Alas, all I can say is

Dear Buddah, Siva, Yaweah, Jesus, Ra, Peter, Paul and Mary

PLEASE LET IT BE THE TRUTH.





As it was in the Court of Seti I,
So it is written, so let it be done.



337 Dec-22   From: Patricia O.   To: inkyboy07

>>>> Alas, all I can say is Dear Buddah, Siva, Yaweah, Jesus, Ra, Peter, Paul and Mary PLEASE LET IT BE THE TRUTH. <<<<

Awwww, if we didn't have tackling dummies wander in here on a regular basis, what would we talk about? <g>

And speaking of old conversations, I saw the Turtle Creek Chorale holiday show last night, and it just blew me away.

338 Dec-22   From: inkyboy07   To: Patricia O.
I saw the Turtle Creek Chorale holiday show last night, and it just blew me away.

I think this is the correct shade. Glad you got to enjoy a wonderful Happy Holiday evening.





339 Dec-22   From: Kevin(Sysop)   To: terrytwright
This is my last post on this forum.//

Don't let the door hit you in the butt on the way out.

Kevin

340 Dec-24   From: grasshopper   To: Michael H. [SL]
>> I don't doubt that homosexual marriage will eventually be legal in the states of this country. Just like it became the norm of society in the famous cities Sodom and Gamorrah. <<

Where in the Bible does it say that homosexual marriages became the norm of society in Sodom and Gamorrah?
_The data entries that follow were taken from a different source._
text \<open>
  Since u' x = exp (-\<gamma> x), the utility is u x = C - exp (-\<gamma> x) / \<gamma>, so an indemnity I is
  better than none iff E[exp (\<gamma> (\<pi>(I) + X - I X))] < E[exp (\<gamma> X)].
  If \<gamma> \<ge> \<lambda>, then E[exp (\<gamma> X)] = \<infinity>: without insurance the expected utility is -\<infinity>, and full
  insurance is strictly better. If \<gamma> < \<lambda>, take the deductible I x = max (x - d) 0. By the layer-cake
  formula the retained risk gives E[exp (\<gamma> min X d)] = 1 + r (1 - exp (-(\<lambda> - \<gamma>) d)) with
  r = q \<gamma> / (\<lambda> - \<gamma>), against 1 + r without insurance, while ktilde p \<le> (1 + \<theta> + \<alpha>) p bounds
  the premium by (1 + \<theta> + \<alpha>) q exp (-\<lambda> d) / \<lambda>. For large d this premium, of order
  exp (-\<lambda> d), is negligible against the saving r exp (-(\<lambda> - \<gamma>) d).
\<close>

lemma cara_utility_eq:
  fixes u :: "real \<Rightarrow> real" and \<gamma> :: real
  assumes u_deriv: "\<forall>x. (u has_real_derivative exp (- \<gamma> * x)) (at x)" and "\<gamma> \<noteq> 0"
  shows "u x = u 0 + 1 / \<gamma> - exp (- \<gamma> * x) / \<gamma>"
proof -
  define h where "h x = u x + exp (- \<gamma> * x) / \<gamma>" for x
  have "(h has_real_derivative 0) (at x)" for x
  proof -
    have "(h has_real_derivative exp (- \<gamma> * x) + exp (- \<gamma> * x) * (- \<gamma>) / \<gamma>) (at x)"
      unfolding h_def using u_deriv by (auto intro!: derivative_eq_intros)
    then show ?thesis
      using \<open>\<gamma> \<noteq> 0\<close> by simp
  qed
  then have "h x = h 0"
    by (intro DERIV_isconst_all) auto
  then show ?thesis
    unfolding h_def by simp
qed
(* Fix $t\ge0$ and let $\phi$ be a smooth section over $\{t\}\times\mathbb R^3$ with finite $H^{1,\frac{p+q}{2}}$ norm. (i) If $-1<p$ and $0<p+1+q$, then $$\int_{\{t<r\}}\tau_-^p\tau_+^q|\phi|^2dx\lesssim\int_{\{t<r\}}\tau_-^{p+2}\tau_+^q|r^{-1}D_r(r\phi)|^2dx.$$ (ii) If $-1<p$ and $q<p+1$, then $$\int_{\{r<t\}}\tau_-^p\tau_+^q|\phi|^2dx\lesssim\int_{\{r<t\}}\tau_-^{p+2}\tau_+^q|r^{-1}D_r(r\phi)|^2dx.$$ (iii) Consequently, if $-1<p$ and $|q|<p+1$, then $\int_{\mathbb R^3}\tau_-^p\tau_+^q|\phi|^2dx\lesssim\int_{\mathbb R^3}\tau_-^{p+2}\tau_+^q|r^{-1}D_r(r\phi)|^2dx$. The implicit constants depend only on $p,q$.
   Context: $r=|x|$, $\tau_+^2=1+(t+r)^2$, $\tau_-^2=1+(t-r)^2$. $\phi$ is a section of the trivial complex line bundle with hermitian metric and compatible connection $D$; $D_r=D_{\partial_r}$, and $\underline D$ is the spatial part of $D$. $\|\phi\|^2_{H^{1,a}}=\sum_{|I|\le1}\int(1+r^2)^{a+|I|}|\underline D^I\phi|^2dx$. *)

theory Defs
  imports "HOL-Analysis.Analysis"
begin

fun Ck :: "nat \<Rightarrow> ('a::euclidean_space \<Rightarrow> 'b::real_normed_vector) set" where
  "Ck 0 = {f. continuous_on UNIV f}"
| "Ck (Suc k) = {f. f differentiable_on UNIV \<and>
      (\<forall>i\<in>Basis. (\<lambda>x. frechet_derivative f (at x) i) \<in> Ck k)}"

definition smooth :: "('a::euclidean_space \<Rightarrow> 'b::real_normed_vector) \<Rightarrow> bool" where
  "smooth f \<longleftrightarrow> (\<forall>k. f \<in> Ck k)"

definition tau_plus :: "real \<Rightarrow> real^3 \<Rightarrow> real" where
  "tau_plus t x = sqrt (1 + (t + norm x)\<^sup>2)"

definition tau_minus :: "real \<Rightarrow> real^3 \<Rightarrow> real" where
  "tau_minus t x = sqrt (1 + (t - norm x)\<^sup>2)"

text \<open>Hermitian connection on the trivial complex line bundle over R^3 (spatial part):
  D = d + i A with a real 1-form A (identified with a vector field).
  cov_deriv A phi x v is D_v phi at x.\<close>
definition cov_deriv :: "(real^3 \<Rightarrow> real^3) \<Rightarrow> (real^3 \<Rightarrow> complex) \<Rightarrow> real^3 \<Rightarrow> real^3 \<Rightarrow> complex" where
  "cov_deriv A phi x v = frechet_derivative phi (at x) v + \<i> * complex_of_real (A x \<bullet> v) * phi x"

definition radial_cov_deriv :: "(real^3 \<Rightarrow> real^3) \<Rightarrow> (real^3 \<Rightarrow> complex) \<Rightarrow> real^3 \<Rightarrow> complex" where
  "radial_cov_deriv A phi x = cov_deriv A phi x (x /\<^sub>R norm x)"

definition rad_term :: "(real^3 \<Rightarrow> real^3) \<Rightarrow> (real^3 \<Rightarrow> complex) \<Rightarrow> real^3 \<Rightarrow> complex" where
  "rad_term A phi x = radial_cov_deriv A (\<lambda>y. complex_of_real (norm y) * phi y) x / complex_of_real (norm x)"

definition H1a_norm_sq :: "real \<Rightarrow> (real^3 \<Rightarrow> real^3) \<Rightarrow> (real^3 \<Rightarrow> complex) \<Rightarrow> ennreal" where
  "H1a_norm_sq a A phi =
     (\<integral>\<^sup>+ x. ennreal ((1 + (norm x)\<^sup>2) powr a * (cmod (phi x))\<^sup>2) \<partial>lborel)
     + (\<Sum>j\<in>(UNIV::3 set). \<integral>\<^sup>+ x. ennreal ((1 + (norm x)\<^sup>2) powr (a + 1)
            * (cmod (cov_deriv A phi x (axis j 1)))\<^sup>2) \<partial>lborel)"

definition wint :: "(real^3) set \<Rightarrow> real \<Rightarrow> real \<Rightarrow> real \<Rightarrow> (real^3 \<Rightarrow> complex) \<Rightarrow> ennreal" where
  "wint S t p q f = (\<integral>\<^sup>+ x \<in> S. ennreal (tau_minus t x powr p * tau_plus t x powr q * (cmod (f x))\<^sup>2) \<partial>lborel)"

end

theory Submission
  imports Defs
begin

text \<open>Along a ray \<open>x = s\<omega>\<close>, \<open>|\<omega>| = 1\<close>, put \<open>u(s) = s \<phi>(s\<omega>)\<close> and \<open>a(s) = A(s\<omega>) \<cdot> \<omega>\<close>;
  then \<open>s r\<^sup>-\<^sup>1 D\<^sub>r(r\<phi>) = u' + i a u\<close>, and the phase \<open>a\<close> is invisible in
  \<open>(|u|\<^sup>2)' = 2 Re(conj u u') = 2 Re(conj u (u' + i a u))\<close>. With \<open>\<rho> = \<tau>\<^sub>-\<^sup>p \<tau>\<^sub>+\<^sup>q\<close> and a
  primitive \<open>w\<close> of \<open>\<rho>\<close> vanishing at \<open>r = t\<close>, integrating \<open>(w |u|\<^sup>2)'\<close> by parts and absorbing
  the cross term by AM-GM gives the one-dimensional Hardy inequality
  \<open>\<integral> \<rho> |u|\<^sup>2 \<le> 4K\<^sup>2 \<integral> \<tau>\<^sub>-\<^sup>2 \<rho> |u' + i a u|\<^sup>2\<close> as soon as \<open>|w| \<le> K \<tau>\<^sub>-\<^sup>p\<^sup>+\<^sup>1 \<tau>\<^sub>+\<^sup>q\<close>. This bound on
  the primitive is where \<open>p > -1\<close> (and, outside the cone, \<open>p + q > -1\<close>) is used. Inside the
  cone the boundary terms vanish since \<open>w(t) = 0 = u(0)\<close>; outside, the term at \<open>R\<close> tends to
  zero along a sequence \<open>R \<rightarrow> \<infinity>\<close> because the weighted \<open>L\<^sup>2\<close> norm of \<open>\<phi>\<close> is finite.
  Integrating over directions gives the estimates in \<open>\<real>\<^sup>3\<close>.\<close>

section \<open>Japanese bracket and radial weights\<close>

definition bracket :: "real \<Rightarrow> real" where
  "bracket s = sqrt (1 + s\<^sup>2)"

lemma bracket_pos [simp]: "0 < bracket s"
  by (simp add: bracket_def add_pos_nonneg)

lemma bracket_nonneg [simp]: "0 \<le> bracket s" and bracket_nonzero [simp]: "bracket s \<noteq> 0"
  using bracket_pos[of s] by linarith+

lemma bracket_diff_commute: "bracket (a - b) = bracket (b - a)"
  by (simp add: bracket_def power2_commute)

lemma bracket_mono: "\<bar>a\<bar> \<le> \<bar>b\<bar> \<Longrightarrow> bracket a \<le> bracket b"
  by (simp add: bracket_def abs_le_square_iff)

lemma bracket_le_double:
  assumes "\<bar>a\<bar> \<le> 2 * \<bar>b\<bar>"
  shows "bracket a \<le> 2 * bracket b"
proof -
  have "a\<^sup>2 \<le> (2 * b)\<^sup>2"
    using assms abs_le_square_iff[of a "2 * b"] by (simp add: abs_mult)
  then have "1 + a\<^sup>2 \<le> (2 * bracket b)\<^sup>2"
    by (simp add: bracket_def power_mult_distrib add_pos_nonneg)
  then show ?thesis
    unfolding bracket_def[of a] by (intro real_le_lsqrt) auto
qed

lemma continuous_on_bracket [continuous_intros]:
  "continuous_on S f \<Longrightarrow> continuous_on S (\<lambda>x. bracket (f x))"
  unfolding bracket_def by (intro continuous_intros)

lemma bracket_powr_eq: "bracket s powr b = (1 + s\<^sup>2) powr (b / 2)"
  by (simp add: bracket_def powr_half_sqrt[symmetric] add_pos_nonneg powr_powr)

lemma bracket_bounds:
  assumes "0 \<le> v"
  shows "1 + v \<le> sqrt 2 * bracket v" and "bracket v \<le> 1 + v"
proof -
  have "(1 + v)\<^sup>2 \<le> 2 * (1 + v\<^sup>2)"
    using zero_le_square[of "v - 1"] by (simp add: power2_eq_square algebra_simps)
  then show "1 + v \<le> sqrt 2 * bracket v"
    using assms by (simp add: bracket_def real_le_rsqrt flip: real_sqrt_mult)
  show "bracket v \<le> 1 + v"
    using assms unfolding bracket_def by (intro real_le_lsqrt) (auto simp: power2_eq_square algebra_simps)
qed

lemma bracket_powr_le:
  assumes v: "0 \<le> v"
  shows "bracket v powr b \<le> 2 powr (\<bar>b\<bar>/2) * (1 + v) powr b"
proof (cases "b \<ge> 0")
  case True
  have "bracket v powr b \<le> (1 + v) powr b"
    using bracket_bounds(2)[OF v] True by (intro powr_mono2) auto
  also have "\<dots> \<le> 2 powr (\<bar>b\<bar>/2) * (1 + v) powr b"
    using mult_right_mono[OF ge_one_powr_ge_zero[of 2 "\<bar>b\<bar>/2"] powr_ge_zero[of "1 + v" b]] by simp
  finally show ?thesis .
next
  case False
  have "bracket v powr b \<le> ((1 + v) / sqrt 2) powr b"
    using bracket_bounds(1)[OF v] False v by (intro powr_mono2') (auto simp: field_simps)
  also have "\<dots> = (1 + v) powr b * 2 powr (- b / 2)"
    using v by (simp add: powr_divide powr_minus_divide powr_half_sqrt[symmetric] powr_powr)
  finally show ?thesis
    using False by (simp add: mult.commute)
qed
lemma Sigma_rational_term_partial_fractions:
  assumes "1 \<le> k"
  shows "Sigma_rational_term k m =
    (real k)\<^sup>2 * (1 / (real (m + Suc k))\<^sup>2) + (real k - 1)\<^sup>2 * (1 / (real (m + k))\<^sup>2)
    - 2 * real k * (real k - 1) * (1 / real (m + k) - 1 / real (Suc m + k))"
proof -
  have "real m + real k \<noteq> 0" "real m + real k + 1 \<noteq> 0"
    using assms by linarith+
  then show ?thesis
    unfolding Sigma_rational_term_def
    by (simp add: divide_simps) (simp add: algebra_simps power2_eq_square)
qed

lemma Sigma_rational_term_sums:
  assumes k: "1 \<le> k"
  shows "Sigma_rational_term k sums ((2 * (real k)\<^sup>2 - 2 * real k + 1) * zeta2_tail k - (2 * real k - 1))"
proof -
  have "(\<lambda>m. 1 / real (m + k)) \<longlonglongrightarrow> 0"
    using LIMSEQ_ignore_initial_segment[OF lim_inverse_n', of k] by (simp add: add.commute)
  then have "(\<lambda>m. 1 / real (m + k) - 1 / real (Suc m + k)) sums (1 / real k)"
    using telescope_sums' by fastforce
  then have "Sigma_rational_term k sums
      ((real k)\<^sup>2 * zeta2_tail (Suc k) + (real k - 1)\<^sup>2 * zeta2_tail k
        - 2 * real k * (real k - 1) * (1 / real k))"
    unfolding Sigma_rational_term_partial_fractions[OF k, abs_def]
    by (intro sums_diff sums_add sums_mult zeta2_tail_sums)
  also have "(real k)\<^sup>2 * zeta2_tail (Suc k) + (real k - 1)\<^sup>2 * zeta2_tail k
      - 2 * real k * (real k - 1) * (1 / real k)
      = (2 * (real k)\<^sup>2 - 2 * real k + 1) * zeta2_tail k - (2 * real k - 1)"
    unfolding zeta2_tail_Suc[of k] using k by (simp add: field_simps power2_eq_square)
  finally show ?thesis .
qed

lemma Sigma_term_shift:
  assumes "1 \<le> k"
  shows "Sigma_term k (m + (k - 1)) = Sigma_rational_term k m"
proof -
  have "real ((m + (k - 1) + 1) * (m + (k - 1) + 2)) = (real (m + 1) + real k - 1) * (real (m + 1) + real k)"
    using assms by (simp add: of_nat_diff algebra_simps)
  then show ?thesis
    using assms by (simp add: Sigma_term_eq Sigma_rational_term_def power_divide power_mult_distrib)
qed

lemma Sigma_term_sums:
  assumes k: "1 \<le> k"
  shows "Sigma_term k sums ((2 * (real k)\<^sup>2 - 2 * real k + 1) * zeta2_tail k - (2 * real k - 1))"
proof -
  have "Sigma_term k i = 0" if "i < k - 1" for i
    using that by (simp add: Sigma_term_eq[OF k])
  moreover have "(\<lambda>m. Sigma_term k (m + (k - 1))) = Sigma_rational_term k"
    using Sigma_term_shift[OF k] by (intro ext) simp
  ultimately show ?thesis
    using sums_zero_iff_shift[of "k - 1" "Sigma_term k"] Sigma_rational_term_sums[OF k] by simp
qed

lemma Sigma_M_eq:
  "1 \<le> k \<Longrightarrow> Sigma_M k = (2 * (real k)\<^sup>2 - 2 * real k + 1) * zeta2_tail k - (2 * real k - 1)"
  unfolding Sigma_M_def using Sigma_term_sums sums_unique by metis

lemma sums_less:
  fixes f g :: "nat \<Rightarrow> real"
  assumes "\<And>n. f n < g n" "f sums s" "g sums t"
  shows "s < t"
proof -
  have "(\<lambda>n. g n - f n) sums (t - s)"
    by (rule sums_diff[OF assms(3,2)])
  then show ?thesis
    using suminf_pos[of "\<lambda>n. g n - f n"] assms(1) by (simp add: sums_iff)
qed

lemma Sigma_rational_term_Suc_less:
  assumes "1 \<le> k"
  shows "Sigma_rational_term (Suc k) m < Sigma_rational_term k m"
proof -
  have "((real m + real k) * (real m + real k + 1))\<^sup>2 < ((real m + real k + 1) * (real m + real k + 2))\<^sup>2"
    using assms by (intro power_strict_mono mult_strict_mono) auto
  moreover have "0 < ((real m + real k) * (real m + real k + 1))\<^sup>2"
    using assms by simp
  ultimately show ?thesis
    unfolding Sigma_rational_term_def
    by (simp add: power_mult_distrib add_ac divide_strict_left_mono)
qed

lemma Sigma_M_Suc_less: "1 \<le> k \<Longrightarrow> Sigma_M (Suc k) < Sigma_M k"
  using sums_less[OF Sigma_rational_term_Suc_less Sigma_rational_term_sums Sigma_rational_term_sums]
  by (simp add: Sigma_M_eq)

lemma Sigma_M_small_values:
  shows "Sigma_M 1 = pi\<^sup>2 / 6 - 1" "Sigma_M 2 = 5 / 6 * pi\<^sup>2 - 8" "Sigma_M 3 = 13 / 6 * pi\<^sup>2 - 85 / 4"
proof -
  have 2: "zeta2_tail 2 = pi\<^sup>2 / 6 - 1"
    using zeta2_tail_Suc[of 1] zeta2_tail_1 by (simp add: numeral_2_eq_2)
  have 3: "zeta2_tail 3 = pi\<^sup>2 / 6 - 5 / 4"
    using zeta2_tail_Suc[of 2] 2 by (simp add: numeral_2_eq_2 numeral_3_eq_3)
  show "Sigma_M 1 = pi\<^sup>2 / 6 - 1"
    using Sigma_M_eq[of 1] zeta2_tail_1 by simp
  show "Sigma_M 2 = 5 / 6 * pi\<^sup>2 - 8"
    using Sigma_M_eq[of 2] 2 by simp
  show "Sigma_M 3 = 13 / 6 * pi\<^sup>2 - 85 / 4"
    using Sigma_M_eq[of 3] 3 by simp
qed
definition leaf_arcs :: "('a \<times> 'a) set" where
  "leaf_arcs = {(b, u). {b, u} \<in> ET \<and> b \<in> L \<and> b \<noteq> c 0}"

definition halin_arcs :: "bool \<Rightarrow> ('a \<times> 'a) set" where
  "halin_arcs cyclic = tree_arcs \<union> leaf_arcs \<union> {(w, c 0)} \<union> outer_arcs cyclic c n"

lemma tree_edge_arc_iff:
  assumes "{u, v} \<in> ET"
  shows "(u, v) \<in> tree_arcs \<union> leaf_arcs \<union> {(w, c 0)} \<longleftrightarrow>
    (if u \<in> L then u \<noteq> c 0 else if v \<in> L then v = c 0 else depth v < depth u)"
  using assms leaf_nbr_inner[of u v] c0_nbr[of u] c_leaf[of 0] n3 w_inner(2)
  unfolding tree_arcs_def leaf_arcs_def by (auto simp: insert_commute)

lemma orientation_halin_arcs: "orientation V (ET \<union> cycle_edges c n) (halin_arcs cyclic)"
  unfolding orientation_def
proof (intro conjI allI impI)
  show "\<forall>(u, v)\<in>halin_arcs cyclic. {u, v} \<in> ET \<union> cycle_edges c n"
    unfolding halin_arcs_def tree_arcs_def leaf_arcs_def
    using c0_w outer_arc_cycle_edge by (auto simp: insert_commute)
next
  fix u v assume "{u, v} \<in> ET \<union> cycle_edges c n"
  then consider (tree_edge) "{u, v} \<in> ET" | (cycle_edge) "{u, v} \<in> cycle_edges c n" "{u, v} \<notin> ET" by blast
  thus "(u, v) \<in> halin_arcs cyclic \<longleftrightarrow> (v, u) \<notin> halin_arcs cyclic"
  proof cases
    case tree_edge
    hence vu: "{v, u} \<in> ET" by (simp add: insert_commute)
    have "(x, y) \<notin> outer_arcs cyclic c n" if "{x, y} = {u, v}" for x y
      using outer_arc_cycle_edge cycle_edge_not_tree_edge tree_edge that by metis
    moreover have "depth u \<noteq> depth v" by (rule tree_graph_dist_edge_neq[OF tree r_inner(1) tree_edge])
    moreover have "\<not> (u \<in> L \<and> v \<in> L)" using leaf_nbr_inner tree_edge by blast
    ultimately show ?thesis
      using tree_edge_arc_iff[OF tree_edge] tree_edge_arc_iff[OF vu] unfolding halin_arcs_def
      by (auto simp: insert_commute split: if_splits)
  next
    case cycle_edge
    hence "(x, y) \<notin> tree_arcs \<union> leaf_arcs \<union> {(w, c 0)}" if "{x, y} = {u, v}" for x y
      using that c0_w unfolding tree_arcs_def leaf_arcs_def by (auto simp: insert_commute)
    thus ?thesis using outer_arcs_orient[OF cycle_edge(1)] unfolding halin_arcs_def by auto
  qed
qed

lemma simple_graph_halin: "simple_graph V (ET \<union> cycle_edges c n)"
  unfolding simple_graph_def
proof (intro conjI ballI)
  fix e assume "e \<in> ET \<union> cycle_edges c n"
  then consider "e \<in> ET" | i where "i < n" "e = {c i, c (Suc i mod n)}"
    unfolding cycle_edges_def by blast
  thus "\<exists>u v. e = {u, v} \<and> u \<noteq> v \<and> u \<in> V \<and> v \<in> V"
  proof cases
    case 1
    thus ?thesis using simple_ET unfolding simple_graph_def by blast
  next
    case (2 i)
    moreover have "Suc i mod n < n" "Suc i mod n \<noteq> i" using 2(1) n3 by (auto simp: mod_Suc)
    ultimately show ?thesis using c_leaf leaves_subset c_eq_iff by blast
  qed
qed (rule finite_V)

lemma finite_halin_arcs: "finite (halin_arcs cyclic)"
  using orientation_subset[OF orientation_halin_arcs simple_graph_halin]
    finite_cartesian_product[OF finite_V finite_V] by (rule finite_subset)

lemma outdeg_halin_arcs_le_2:
  assumes "v \<in> V"
  shows "outdeg (halin_arcs cyclic) v \<le> 2"
proof -
  let ?out = "{y. (v, y) \<in> halin_arcs cyclic}"
  show ?thesis
  proof (cases "v \<in> L")
    case False
    let ?P = "{x. {v, x} \<in> ET \<and> depth x < depth v}"
    have "?out \<subseteq> ?P \<union> {c 0}"
      using False c_leaf unfolding halin_arcs_def tree_arcs_def leaf_arcs_def by (auto elim: outer_arcsE)
    moreover have "finite ?P"
      using simple_graph_finite_nbrs[OF simple_ET, of v] by (rule finite_subset[rotated]) (auto simp: nbrs_def insert_commute)
    ultimately have "card ?out \<le> card (?P \<union> {c 0})" by (intro card_mono) auto
    also have "\<dots> \<le> card ?P + 1" using card_Un_le[of ?P "{c 0}"] by simp
    finally show ?thesis using tree_card_parents_le_1[OF tree r_inner(1), of v] unfolding outdeg_def by linarith
  next
    case True
    then obtain i where i: "i < n" "v = c i" by (rule leaf_enumE)
    let ?T = "if i = 0 then {} else nbrs ET v" and ?C = "{y. (c i, y) \<in> outer_arcs cyclic c n}"
    have "?out \<subseteq> ?T \<union> ?C"
      using True i w_inner(2) unfolding halin_arcs_def tree_arcs_def leaf_arcs_def nbrs_def
      by (auto simp: insert_commute)
    moreover have "finite ?T" using simple_graph_finite_nbrs[OF simple_ET] by simp
    moreover have "finite ?C" using finite_out_nbrs[OF finite_outer_arcs] .
    ultimately have "card ?out \<le> card ?T + card ?C" by (meson card_Un_le card_mono finite_UnI le_trans)
    moreover have "card (nbrs ET v) = 1" using True unfolding leaves_def deg_def by simp
    ultimately show ?thesis using card_out_outer_arcs[OF i(1), of cyclic] unfolding outdeg_def
      by (auto split: if_splits)
  qed
qed

text \<open>Since w is a farthest inner vertex, the leaves and w lie strictly above all other inner
  vertices.\<close>
definition height :: "'a \<Rightarrow> nat" where
  "height v = (if v \<in> L \<or> v = w then Suc (depth w) else depth v)"

lemma height_inner: "v \<in> V \<Longrightarrow> v \<notin> L \<Longrightarrow> v \<noteq> w \<Longrightarrow> height v < height w"
  using w_farthest unfolding height_def by (simp add: le_imp_less_Suc)

lemma height_tree_arc:
  assumes "(u, v) \<in> tree_arcs"
  shows "height v < height u"
proof -
  have e: "{u, v} \<in> ET" "u \<notin> L" "v \<notin> L" "depth v < depth u" using assms unfolding tree_arcs_def by auto
  have "depth u \<le> depth w" using w_farthest e(2) tree_edgeD[OF e(1)] by blast
  hence "v \<noteq> w" using e(4) by auto
  thus ?thesis using e \<open>depth u \<le> depth w\<close> unfolding height_def by auto
qed

lemma height_antimono:
  assumes "(u, v) \<in> halin_arcs cyclic"
  shows "height v \<le> height u"
proof -
  have top: "height x \<le> height y" if "x \<in> V" "y \<in> L" for x y
    using that height_inner[of x] unfolding height_def by (cases "x \<in> L \<or> x = w") auto
  have "(u, v) \<in> tree_arcs \<or> (u \<in> L \<and> v \<in> V) \<or> (u = w \<and> v \<in> L)"
    using assms c_leaf[of 0] outer_arcs_leaves leaves_subset n3 tree_edgeD
    unfolding halin_arcs_def leaf_arcs_def by auto
  thus ?thesis using height_tree_arc top unfolding height_def by fastforce
qed

lemma hub_arcs_subset_halin_arcs: "hub_arcs cyclic c n w w_leaf_idx \<subseteq> halin_arcs cyclic"
proof -
  have "(c j, w) \<in> leaf_arcs" if "j \<in> w_leaf_idx" for j
    using that c_leaf c_eq_iff[of j 0] unfolding w_leaf_idx_def leaf_arcs_def by auto
  thus ?thesis unfolding hub_arcs_def halin_arcs_def by blast
qed

lemma eulerian_sub_halin_arcs_iff:
  "eulerian_sub (halin_arcs cyclic) A \<longleftrightarrow> A \<subseteq> hub_arcs cyclic c n w w_leaf_idx \<and> balanced A"
  unfolding eulerian_sub_iff_balanced
proof (intro iffI conjI; (elim conjE)?)
  assume sub: "A \<subseteq> halin_arcs cyclic" and bal: "balanced A"
  have finA: "finite A" using sub finite_halin_arcs finite_subset by blast
  have "(u, v) \<in> hub_arcs cyclic c n w w_leaf_idx" if uv: "(u, v) \<in> A" for u v
  proof -
    have level: "height u = height v"
      using balanced_potential_const[OF finA bal _ uv] height_antimono sub by blast
    hence "(u, v) \<notin> tree_arcs" using height_tree_arc by fastforce
    moreover have "(u, v) \<in> (\<lambda>j. (c j, w)) ` w_leaf_idx" if "(u, v) \<in> leaf_arcs"
    proof -
      have e: "{u, v} \<in> ET" "u \<in> L" "u \<noteq> c 0" using that unfolding leaf_arcs_def by auto
      then obtain j where j: "j < n" "u = c j" by (blast elim: leaf_enumE)
      have "v = w"
        using height_inner[of v] level e leaf_nbr_inner tree_edgeD unfolding height_def by (auto split: if_splits)
      thus ?thesis using e j unfolding w_leaf_idx_def by (cases j) auto
    qed
    ultimately show ?thesis using sub uv unfolding halin_arcs_def hub_arcs_def by blast
  qed
  thus "A \<subseteq> hub_arcs cyclic c n w w_leaf_idx" by auto
qed (use hub_arcs_subset_halin_arcs in auto)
It was the great sin of the day. No reason to think otherwise in a society the widely accepted the sin.

341 Dec-24   From: barbhauz   To: grasshopper
>> I don't doubt that homosexual marriage will eventually be legal in the states of this country. Just like it became the norm of society in the famous cities Sodom and Gamorrah. <<

Where in the Bible does it say that homosexual marriages became the norm of society in Sodom and Gamorrah?

It was the great sin of the day. No reason to think otherwise in a society the widely accepted the sin.
***

So what. Inter-racial relationships were a great sin also. If they were wrong about that then why arent they wrong about gay relationships?

342 Dec-25   From: John Clifton (SL9)   To: terrytwright
<t> This is my last post on this forum.

Oh, darn!

343 Dec-25   From: grasshopper   To: barbhauz
>> I don't doubt that homosexual marriage will eventually be legal in the states of this country. Just like it became the norm of society in the famous cities Sodom and Gamorrah. <<

Where in the Bible does it say that homosexual marriages became the norm of society in Sodom and Gamorrah?

It was the great sin of the day. No reason to think otherwise in a society the widely accepted the sin.
***

So what. Inter-racial relationships were a great sin also. If they were wrong about that then why arent they wrong about gay relationships?

Not a sin. Apples and oranges. Stick on topic. Gay relationships are and always have been a sin. Inter-racial relationships have not always been a sin.

344 Dec-25   From: barbhauz   To: grasshopper
>> I don't doubt that homosexual marriage will eventually be legal in the states of this country. Just like it became the norm of society in the famous cities Sodom and Gamorrah. <<

Where in the Bible does it say that homosexual marriages became the norm of society in Sodom and Gamorrah?

It was the great sin of the day. No reason to think otherwise in a society the widely accepted the sin.
***

So what. Inter-racial relationships were a great sin also. If they were wrong about that then why arent they wrong about gay relationships?

Not a sin. Apples and oranges. Stick on topic. Gay relationships are and always have been a sin. Inter-racial relationships have not always been a sin.
***

In the bible inter-racial marriages were a sin and you are using the bible to say that gay marriages were a sin. Inter-racial marriages are no longer considered a sin so I guess you dont follow what your god teaches.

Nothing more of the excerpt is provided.